After this, we have an area of memory called the stack. It typically grows from a fixed address downwards towards zero. As such, this type of memory is a fixed size, and usually cannot be changed once set up. The processor uses the stack to store local variables, and also to remember functions that were called in order to return control to the calling function when a "return" is executed. Going past address 0 results in a stack overflow, and going past the fixed address is a stack underflow. Either of these conditions can cause the program to crash, since it no longer remembers what came before. Stacks use a First In, Last Out design, and is typically modified through push, pop, call, and return instructions.

Finally, we have the third area of memory, called the heap. This is dynamically allocated memory, and is therefore virtually unlimited in size, given that free memory exists. When a program allocates space on the stack, the memory address of that heap is assigned to a local variable in the stack, often called a pointer, or a reference. When the program is done with the data, that memory then needs to be freed. In many languages, this is automatic, but some older languages had to specifically free the memory that was no longer used. If the addresses are "lost" before the heap memory is freed, this results in a behavior known as a memory leak.

At this point, we should briefly talk about the concept of a "virtual machine." A virtual machine emulates a physical processor, but can execute its own set of instructions that may not be native to the physical processor. It has a second defined as code, a stack, and heap memory. For purposes of deciding if a language is a programming language, a virtual machine is the same as a physical processor. In other words, even though the instructions are technically data as far as the physical processor is concerned, they are still considered machine instructions in the context of a virtual machine, as those instructions are directly converted to physical instructions.

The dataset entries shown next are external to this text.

lemma unitary_rephase:
  assumes "unitary W"
  shows "unitary (rephase a b s r W)"
proof -
  have "rephase a b s r W ** ctrans (rephase a b s r W) = rephase a (\<lambda>i. cnj (a i)) s s (W ** ctrans W)"
    by (simp add: rephase_ctrans rephase_mult bij_cols unimodular_cols unimodular_mult_cnj)
  moreover have "ctrans (rephase a b s r W) ** rephase a b s r W = rephase (\<lambda>i. cnj (b i)) b r r (ctrans W ** W)"
    by (simp add: rephase_ctrans rephase_mult bij_rows unimodular_rows unimodular_cnj_mult)
  ultimately show ?thesis
    using assms by (simp add: unitary_def rephase_mat_1 bij_is_inj bij_rows bij_cols
        unimodular_rows unimodular_cols unimodular_cnj_mult unimodular_mult_cnj)
qed

lemma no_zero_entries_rephase: "no_zero_entries W \<Longrightarrow> no_zero_entries (rephase a b s r W)"
  using unimodular_rows unimodular_cols
  by (simp add: no_zero_entries_def) (metis norm_zero zero_neq_one)

lemma opC_rephase:
  "opC (rephase a b s r W) (rephase (\<lambda>_. 1) (\<lambda>_. 1) s r F)
    = rephase a (\<lambda>i. cnj (a i)) s s (opC W F)"
  by (simp add: opC_def rephase_ctrans rephase_mult bij_cols unimodular_cols unimodular_mult_cnj
      flip: rephase_hprod)

lemma opD_rephase:
  "opD (rephase a b s r W) (rephase (\<lambda>_. 1) (\<lambda>_. 1) s r F)
    = rephase a (\<lambda>i. cnj (a i)) s s (opD W F)"
proof -
  have "(\<chi> i j. cnj (rephase (\<lambda>_. 1) (\<lambda>_. 1) s r F $ i $ j))
      = rephase (\<lambda>_. 1) (\<lambda>_. 1) s r (\<chi> i j. cnj (F $ i $ j))"
    by (simp add: vec_eq_iff)
  then show ?thesis
    by (simp add: opD_def rephase_ctrans rephase_mult bij_cols unimodular_cols unimodular_mult_cnj
        flip: rephase_hprod)
qed

lemma opI_rephase:
  assumes "unitary W" and "no_zero_entries W"
  shows "opI (rephase a b s r W) (rephase (\<lambda>_. 1) (\<lambda>_. 1) s r F)
    = rephase (\<lambda>_. 1) (\<lambda>_. 1) s r (opI W F)"
proof -
  have "opD W F = opC W (opI W F)"
    using opI_eq_iff[OF bij_opC[OF assms]] by blast
  then show ?thesis
    by (simp add: opI_eq_iff bij_opC assms unitary_rephase no_zero_entries_rephase
        opC_rephase opD_rephase)
qed

lemma rephase_mem_eigsp:
  assumes "unitary W" and "no_zero_entries W" and "F \<in> eigsp W lam"
  shows "rephase (\<lambda>_. 1) (\<lambda>_. 1) s r F \<in> eigsp (rephase a b s r W) lam"
  using assms by (simp add: eigsp_def opI_rephase rephase_cscale)

lemma rephase_mem_Im_eigsp:
  assumes "unitary W" and "no_zero_entries W" and "F \<in> Im_eigsp W lam"
  shows "rephase (\<lambda>_. 1) (\<lambda>_. 1) s r F \<in> Im_eigsp (rephase a b s r W) lam"
  using assms by (simp add: Im_eigsp_def rephase_mem_eigsp)

lemma rephase_mem_feasible:
  assumes "F \<in> feasible W"
  shows "rephase a b s r F \<in> feasible (rephase a b s r W)"
proof -
  obtain R :: "real ^ 'n ^ 'n" where
    R: "F = (\<chi> i j. \<i> * complex_of_real (R $ i $ j)) \<circ>\<^sub>H W"
    and antihermitian: "ctrans (F ** ctrans W) = - (F ** ctrans W)"
    using assms unfolding feasible_def by blast
  define R' :: "real ^ 'n ^ 'n" where "R' = (\<chi> i j. R $ s i $ r j)"
  have "rephase a b s r F = (\<chi> i j. \<i> * complex_of_real (R' $ i $ j)) \<circ>\<^sub>H rephase a b s r W"
    by (simp add: R rephase_hprod) (simp add: R'_def vec_eq_iff hprod_def)
  moreover have "rephase a b s r F ** ctrans (rephase a b s r W)
      = rephase a (\<lambda>i. cnj (a i)) s s (F ** ctrans W)"
    by (simp add: rephase_ctrans rephase_mult bij_cols unimodular_cols unimodular_mult_cnj)
  then have "ctrans (rephase a b s r F ** ctrans (rephase a b s r W))
      = - (rephase a b s r F ** ctrans (rephase a b s r W))"
    by (simp only: rephase_ctrans antihermitian rephase_uminus complex_cnj_cnj)
  ultimately show ?thesis
    unfolding feasible_def by blast
qed

lemma inj_rephase: "inj (rephase a b s r)"
  by (metis injI rephase_inverse_left)

lemma rephase_image_eqI:
  assumes "\<And>X. X \<in> A \<Longrightarrow> rephase a b s r X \<in> B"
    and "\<And>Y. Y \<in> B \<Longrightarrow> rephase (inv_phase a s) (inv_phase b r) (inv s) (inv r) Y \<in> A"
  shows "rephase a b s r ` A = B"
proof (rule bij_betw_imp_surj_on, rule bij_betw_byWitness)
  show "rephase a b s r ` A \<subseteq> B" "rephase (inv_phase a s) (inv_phase b r) (inv s) (inv r) ` B \<subseteq> A"
    using assms by blast+
qed (simp_all add: rephase_inverse_left rephase_inverse_right)

lemma eigsp_rephase:
  assumes "unitary W" and "no_zero_entries W"
  shows "eigsp (rephase a b s r W) lam = rephase (\<lambda>_. 1) (\<lambda>_. 1) s r ` eigsp W lam"
proof -
  interpret unit: rephasing "\<lambda>_. 1" "\<lambda>_. 1" s r
    by (rule unit_rephasing)
  have "Y \<in> eigsp (rephase a b s r W) lam
      \<Longrightarrow> rephase (\<lambda>_. 1) (\<lambda>_. 1) (inv s) (inv r) Y \<in> eigsp W lam" for Y
    using rephasing.rephase_mem_eigsp[OF inverse_rephasing unitary_rephase[OF assms(1)]
        no_zero_entries_rephase[OF assms(2)]]
    by (simp add: rephase_inverse_left)
  then show ?thesis
    by (intro unit.rephase_image_eqI[symmetric]) (simp_all add: assms rephase_mem_eigsp)
qed

lemma Im_eigsp_rephase:
  assumes "unitary W" and "no_zero_entries W"
  shows "Im_eigsp (rephase a b s r W) lam = rephase (\<lambda>_. 1) (\<lambda>_. 1) s r ` Im_eigsp W lam"
proof -
  interpret unit: rephasing "\<lambda>_. 1" "\<lambda>_. 1" s r
    by (rule unit_rephasing)
  have "Y \<in> Im_eigsp (rephase a b s r W) lam
      \<Longrightarrow> rephase (\<lambda>_. 1) (\<lambda>_. 1) (inv s) (inv r) Y \<in> Im_eigsp W lam" for Y
    using rephasing.rephase_mem_Im_eigsp[OF inverse_rephasing unitary_rephase[OF assms(1)]
        no_zero_entries_rephase[OF assms(2)]]
    by (simp add: rephase_inverse_left)
  then show ?thesis
    by (intro unit.rephase_image_eqI[symmetric]) (simp_all add: assms rephase_mem_Im_eigsp)
qed

lemma feasible_rephase: "feasible (rephase a b s r W) = rephase a b s r ` feasible W"
proof -
  have "Y \<in> feasible (rephase a b s r W)
      \<Longrightarrow> rephase (inv_phase a s) (inv_phase b r) (inv s) (inv r) Y \<in> feasible W" for Y
    using rephasing.rephase_mem_feasible[OF inverse_rephasing] by (metis rephase_inverse_left)
  then show ?thesis
    by (intro rephase_image_eqI[symmetric]) (simp_all add: rephase_mem_feasible)
qed

lemma defect_rephase: "defect (rephase a b s r W) = defect W"
  unfolding defect_def feasible_rephase
  using dim_image_eq[OF linear_rephase] inj_rephase by (metis inj_on_subset subset_UNIV)

end

lemma matrix_inv_eqI:
  fixes A :: "'a::comm_semiring_1 ^ 'n ^ 'n"
  assumes "A ** B = mat 1" and "B ** A = mat 1"
  shows "matrix_inv A = B"
proof -
  have inverse: "matrix_inv A ** A = mat 1"
    unfolding matrix_inv_def by (rule someI2[where a = B]) (simp_all add: assms)
  have "matrix_inv A = matrix_inv A ** (A ** B)"
    by (simp add: assms matrix_mul_rid)
  also have "\<dots> = B"
    by (simp add: matrix_mul_assoc inverse)
  finally show ?thesis .
qed

lemma ctrans_mat_1 [simp]: "ctrans (mat 1) = mat 1"
  by (simp add: ctrans_def mat_def vec_eq_iff)

lemma unitary_mat_1: "unitary (mat 1)"
  by (simp add: unitary_def)

lemma matrix_inv_unitary: "unitary U \<Longrightarrow> matrix_inv U = ctrans U"
  by (simp add: unitary_def matrix_inv_eqI)

lemma diagonal_mult:
  assumes "\<And>i j. i \<noteq> j \<Longrightarrow> D $ i $ j = 0"
  shows "D ** X = rephase (\<lambda>i. D $ i $ i) (\<lambda>_. 1) id id X"
proof -
  have "(\<Sum>k\<in>UNIV. D $ i $ k * X $ k $ j) = D $ i $ i * X $ i $ j" for i j
    using assms by (subst sum.remove[of _ i]) (simp_all add: sum.neutral)
  then show ?thesis
    by (simp add: matrix_matrix_mult_def vec_eq_iff)
qed

lemma enphased_permutation_rephase:
  assumes "unitary_diagonal D" and "permutation_matrix P"
  obtains p where "p permutes UNIV"
    and "P = rephase (\<lambda>_. 1) (\<lambda>_. 1) (inv p) id (mat 1)"
    and "D ** P = rephase (\<lambda>i. D $ i $ i) (\<lambda>_. 1) (inv p) id (mat 1)"
proof -
  obtain p where p: "p permutes UNIV" and P: "P = (\<chi> i j. if i = p j then 1 else 0)"
    using assms(2) unfolding permutation_matrix_def by blast
  then have "P = rephase (\<lambda>_. 1) (\<lambda>_. 1) (inv p) id (mat 1)"
    by (auto simp: vec_eq_iff mat_def permutes_inverses)
  moreover have "D ** P = rephase (\<lambda>i. D $ i $ i) (\<lambda>_. 1) (inv p) id (mat 1)"
    using assms(1) by (simp add: unitary_diagonal_def diagonal_mult calculation vec_eq_iff)
  ultimately show ?thesis
    using p that by blast
qed

lemma Phi_rephase_mat_1:
  assumes "bij s" and "bij t" and "\<And>i. cmod (d i) = 1" and "\<And>i. cmod (e i) = 1"
  shows "Phi (rephase d (\<lambda>_. 1) s id (mat 1)) (rephase e (\<lambda>_. 1) t id (mat 1))
    = rephase d (\<lambda>j. cnj (e j)) s t"
proof
  fix X
  have "rephasing e (\<lambda>_. 1) t id"
    using assms by unfold_locales simp_all
  then have "matrix_inv (rephase e (\<lambda>_. 1) t id (mat 1)) = rephase (\<lambda>_. 1) (\<lambda>j. cnj (e j)) id t (mat 1)"
    by (simp add: matrix_inv_unitary rephasing.unitary_rephase unitary_mat_1 rephase_ctrans)
  moreover have "rephase d (\<lambda>_. 1) s id (mat 1) ** rephase (\<lambda>_. 1) (\<lambda>_. 1) id id X
      ** rephase (\<lambda>_. 1) (\<lambda>j. cnj (e j)) id t (mat 1) = rephase d (\<lambda>j. cnj (e j)) s t X"
    by (simp add: rephase_mult matrix_mul_lid matrix_mul_rid)
  ultimately show "Phi (rephase d (\<lambda>_. 1) s id (mat 1)) (rephase e (\<lambda>_. 1) t id (mat 1)) X
      = rephase d (\<lambda>j. cnj (e j)) s t X"
    by (simp add: Phi_def rephase_id)
qed

theorem corollary3p6:
  fixes U S T D_S P_S D_T P_T :: "'n::finite cmat"
  assumes "unitary U" and "no_zero_entries U"
    and "unitary_diagonal D_S" and "permutation_matrix P_S" and "S = D_S ** P_S"
    and "unitary_diagonal D_T" and "permutation_matrix P_T" and "T = D_T ** P_T"
  shows "defect U = defect (S ** U ** matrix_inv T)
    \<and> eigsp (S ** U ** matrix_inv T) 1 = Phi P_S P_T ` eigsp U 1
    \<and> Im_eigsp (S ** U ** matrix_inv T) 1 = Phi P_S P_T ` Im_eigsp U 1
    \<and> feasible (S ** U ** matrix_inv T) = Phi S T ` feasible U"
proof -
  obtain p where p: "p permutes UNIV"
    and P_S: "P_S = rephase (\<lambda>_. 1) (\<lambda>_. 1) (inv p) id (mat 1)"
    and S: "D_S ** P_S = rephase (\<lambda>i. D_S $ i $ i) (\<lambda>_. 1) (inv p) id (mat 1)"
    by (rule enphased_permutation_rephase[OF assms(3,4)])
  obtain q where q: "q permutes UNIV"
    and P_T: "P_T = rephase (\<lambda>_. 1) (\<lambda>_. 1) (inv q) id (mat 1)"
    and T: "D_T ** P_T = rephase (\<lambda>i. D_T $ i $ i) (\<lambda>_. 1) (inv q) id (mat 1)"
    by (rule enphased_permutation_rephase[OF assms(6,7)])
  have bij: "bij (inv p)" "bij (inv q)"
    using permutes_bij[OF permutes_inv[OF p]] permutes_bij[OF permutes_inv[OF q]] by blast+
  have unimodular: "cmod (D_S $ i $ i) = 1" "cmod (D_T $ i $ i) = 1" for i
    using assms(3,6) by (simp_all add: unitary_diagonal_def)
  interpret rephasing "\<lambda>i. D_S $ i $ i" "\<lambda>j. cnj (D_T $ j $ j)" "inv p" "inv q"
    using bij unimodular by unfold_locales simp_all
  have Phi_S_T: "Phi S T = rephase (\<lambda>i. D_S $ i $ i) (\<lambda>j. cnj (D_T $ j $ j)) (inv p) (inv q)"
    unfolding assms(5,8) S T using bij unimodular by (rule Phi_rephase_mat_1)
  have "Phi P_S P_T = rephase (\<lambda>_. 1) (\<lambda>_. 1) (inv p) (inv q)"
    unfolding P_S P_T using Phi_rephase_mat_1[OF bij] by simp
  moreover have "S ** U ** matrix_inv T = rephase (\<lambda>i. D_S $ i $ i) (\<lambda>j. cnj (D_T $ j $ j)) (inv p) (inv q) U"
    by (simp flip: Phi_S_T add: Phi_def)
  ultimately show ?thesis
    using assms(1,2) by (simp add: Phi_S_T defect_rephase eigsp_rephase Im_eigsp_rephase feasible_rephase)
qed

end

We can also talk about interpreters. They are essentially virtual machines, but have the added ability that a developer can pause the machine at any time, change the instructions as they want, or even run adhoc functions without first compiling any code. Many modern languages have some sort of interpreter that can be paused, inspected, and modified at any time. This helps facilitate shorter development cycles than traditional languages that need to be compiled and debugged.

Now, let's discuss what a programming language is. It is source code that is somehow directly converted into instructions that the processor uses to execute some algorithm. These algorithms use data on the stack and the heap in order to process input, perform calculations, and then generate some kind of output. For example, given a simple program that adds two numbers, the algorithm reads two inputs, performs a mathematical calculation, then outputs the result.

Alan Turing was one of the first to describe computer logic, the Turing Machine. This machine had three parts; the main processor, registers that informed the processor of its state, and an infinitely long tape to read from, and store to, data used in its operation. This basic description of a Turing Machine is the same general philosophy that all modern devices are built on. The code, stack, and heap memory areas are, more or less, the three parts of the Turing Machine.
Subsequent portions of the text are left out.